Sulfation is considered the most prevalent post-translational modification (PTM) on tyrosine; however, its importance is frequently undervalued due to difficulties in direct and unambiguous determination from phosphorylation. Here we present a sequence-independent strategy to directly map and quantify the tyrosine sulfation states in universal native peptides using an engineered protein nanopore. Molecular dynamics simulations and nanopore mutations reveal specific interactions between tyrosine sulfation and the engineered nanopore, dominating identification across diverse peptide sequences.
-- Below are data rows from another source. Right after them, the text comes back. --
lemma inj_complex_of_vec: "inj complex_of_vec"
  by (rule injI) (simp add: complex_of_vec_def complex_eq_iff vec_eq_iff forall_2)

lemma complex_of_vec_edge_seg:
  "complex_of_vec ` edge_seg p {a, b} = closed_segment (complex_of_vec (p a)) (complex_of_vec (p b))"
  by (simp add: edge_seg_def convex_hull_linear_image[OF linear_complex_of_vec] segment_convex_hull)

lemma planar_straight_segments_Int:
  fixes p :: "'v \<Rightarrow> real^2"
  defines "P \<equiv> complex_of_vec \<circ> p"
  assumes "planar_straight W F p" "{a, b} \<in> F" "{c, d} \<in> F" "{a, b} \<noteq> {c, d}"
  shows "closed_segment (P a) (P b) \<inter> closed_segment (P c) (P d) \<subseteq> P ` ({a, b} \<inter> {c, d})"
proof -
  have "\<forall>e1\<in>F. \<forall>e2\<in>F. e1 \<noteq> e2 \<longrightarrow> edge_seg p e1 \<inter> edge_seg p e2 \<subseteq> p ` (e1 \<inter> e2)"
    using assms(2) unfolding planar_straight_def by (elim conjE)
  from this[rule_format, OF assms(3,4,5)]
  have "edge_seg p {a, b} \<inter> edge_seg p {c, d} \<subseteq> p ` ({a, b} \<inter> {c, d})" .
  then have "complex_of_vec ` (edge_seg p {a, b} \<inter> edge_seg p {c, d}) \<subseteq> P ` ({a, b} \<inter> {c, d})"
    unfolding P_def image_comp[symmetric] by (rule image_mono)
  moreover have "complex_of_vec ` (edge_seg p {a, b} \<inter> edge_seg p {c, d}) =
      closed_segment (P a) (P b) \<inter> closed_segment (P c) (P d)"
    unfolding image_Int[OF inj_complex_of_vec] complex_of_vec_edge_seg by (simp add: P_def)
  ultimately show ?thesis by simp
qed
We show a nanopore framework to discover tyrosine sulfation in unknown peptide fragments digested from a native protein and determine the sequence of the sulfated fragment based on current blockade enhancement induced by sulfation. Moreover, our method allows direct observation of peptide sulfation in ultra-low abundance, down to 1%, and distinguishes it from isobaric phosphorylation. This sequence-independent strategy suggests the potential of nanopore to explore specific PTMs in real-life samples and at the omics level.

硫酸化被认为是最常见的酪氨酸翻译后修饰 (PTM)；然而，由于直接和明确地测定磷酸化存在困难，其重要性经常被低估。在这里，我们提出了一种独立于序列的策略，使用工程蛋白纳米孔直接绘制和量化通用天然肽中的酪氨酸硫酸化状态。分子动力学模拟和纳米孔突变揭示了酪氨酸硫酸化和工程纳米孔之间的特定相互作用，主导了不同肽序列的识别。我们展示了一个纳米孔框架，用于发现从天然蛋白质消化的未知肽片段中的酪氨酸硫酸化，并根据硫酸化诱导的电流阻断增强确定硫酸化片段的序列。此外，我们的方法可以直接观察超低丰度（低至 1%）的肽硫酸化，并将其与同量异位磷酸化区分开来。这种与序列无关的策略表明纳米孔在现实样品和组学水平上探索特定 PTM 的潜力。